Dataset records

• • • • • • •

theorem corollary5p6:
  fixes A :: "('a, 'm) ring_scheme"
    and TA :: "('b, 'n) ring_scheme" and i :: "'a \<Rightarrow> 'b"
    and TAred :: "('c, 'o) ring_scheme" and j :: "'a set \<Rightarrow> 'c"
  assumes "cring A"
    and "total_ring_of_fractions A TA i"
    and "total_ring_of_fractions (reduced_ring A) TAred j"
  shows "(\<exists>\<phi>. \<phi> \<in> ring_hom TA TAred \<and>
            (\<forall>a \<in> carrier A. \<phi> (i a) = j (nilradical A +>\<^bsub>A\<^esub> a)))
       \<and> (\<forall>\<phi>. \<phi> \<in> ring_hom TA TAred \<and>
            (\<forall>a \<in> carrier A. \<phi> (i a) = j (nilradical A +>\<^bsub>A\<^esub> a)) \<longrightarrow>
          (let C1 = class_group TA (i ` carrier A);
               C2 = class_group TAred (j ` carrier (reduced_ring A));
               C3 = class_group TAred (\<phi> ` carrier TA)
           in \<exists>f g.
                f \<in> hom C1 C2 \<and> g \<in> hom C2 C3 \<and>
                (\<forall>L \<in> invertible_ideals TA (i ` carrier A).
                   f (ideal_class TA (i ` carrier A) L) =
                   ideal_class TAred (j ` carrier (reduced_ring A))
                     (induced_ideal TAred (j ` carrier (reduced_ring A)) \<phi> L)) \<and>
                (\<forall>L \<in> invertible_ideals TAred (j ` carrier (reduced_ring A)).
                   g (ideal_class TAred (j ` carrier (reduced_ring A)) L) =
                   ideal_class TAred (\<phi> ` carrier TA)
                     (induced_ideal TAred (\<phi> ` carrier TA) id L)) \<and>
                inj_on f (carrier C1) \<and>
                f ` carrier C1 = kernel C2 C3 g))"
proof (intro conjI allI impI)
  show "\<exists>\<phi>. \<phi> \<in> ring_hom TA TAred \<and> (\<forall>a \<in> carrier A. \<phi> (i a) = j (nilradical A +>\<^bsub>A\<^esub> a))"
    by (rule reduction_hom_exists[OF assms])
next
  fix \<phi> assume "\<phi> \<in> ring_hom TA TAred \<and> (\<forall>a \<in> carrier A. \<phi> (i a) = j (nilradical A +>\<^bsub>A\<^esub> a))"
  then interpret reduction_of_fractions A TA i TAred j \<phi>
    using assms unfolding reduction_of_fractions_def by blast
  from class_group_exact show "let C1 = class_group TA (i ` carrier A);
      C2 = class_group TAred (j ` carrier (reduced_ring A)); C3 = class_group TAred (\<phi> ` carrier TA)
    in \<exists>f g. f \<in> hom C1 C2 \<and> g \<in> hom C2 C3 \<and>
      (\<forall>L \<in> invertible_ideals TA (i ` carrier A). f (ideal_class TA (i ` carrier A) L) =
         ideal_class TAred (j ` carrier (reduced_ring A)) (induced_ideal TAred (j ` carrier (reduced_ring A)) \<phi> L)) \<and>
      (\<forall>L \<in> invertible_ideals TAred (j ` carrier (reduced_ring A)).
         g (ideal_class TAred (j ` carrier (reduced_ring A)) L) =
         ideal_class TAred (\<phi> ` carrier TA) (induced_ideal TAred (\<phi> ` carrier TA) id L)) \<and>
      inj_on f (carrier C1) \<and> f ` carrier C1 = kernel C2 C3 g"
    unfolding Let_def image_reduction .
qed

end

• • • • • • •

What you should do ::
Your task is to write out, exactly, the line that contains "(reduced_ring A)); C3" and each line after it to the end of the data, with no other lines.

Solution for this exercise ::
      C2 = class_group TAred (j ` carrier (reduced_ring A)); C3 = class_group TAred (\<phi> ` carrier TA)
    in \<exists>f g. f \<in> hom C1 C2 \<and> g \<in> hom C2 C3 \<and>
      (\<forall>L \<in> invertible_ideals TA (i ` carrier A). f (ideal_class TA (i ` carrier A) L) =
         ideal_class TAred (j ` carrier (reduced_ring A)) (induced_ideal TAred (j ` carrier (reduced_ring A)) \<phi> L)) \<and>
      (\<forall>L \<in> invertible_ideals TAred (j ` carrier (reduced_ring A)).
         g (ideal_class TAred (j ` carrier (reduced_ring A)) L) =
         ideal_class TAred (\<phi> ` carrier TA) (induced_ideal TAred (\<phi> ` carrier TA) id L)) \<and>
      inj_on f (carrier C1) \<and> f ` carrier C1 = kernel C2 C3 g"
    unfolding Let_def image_reduction .
qed

end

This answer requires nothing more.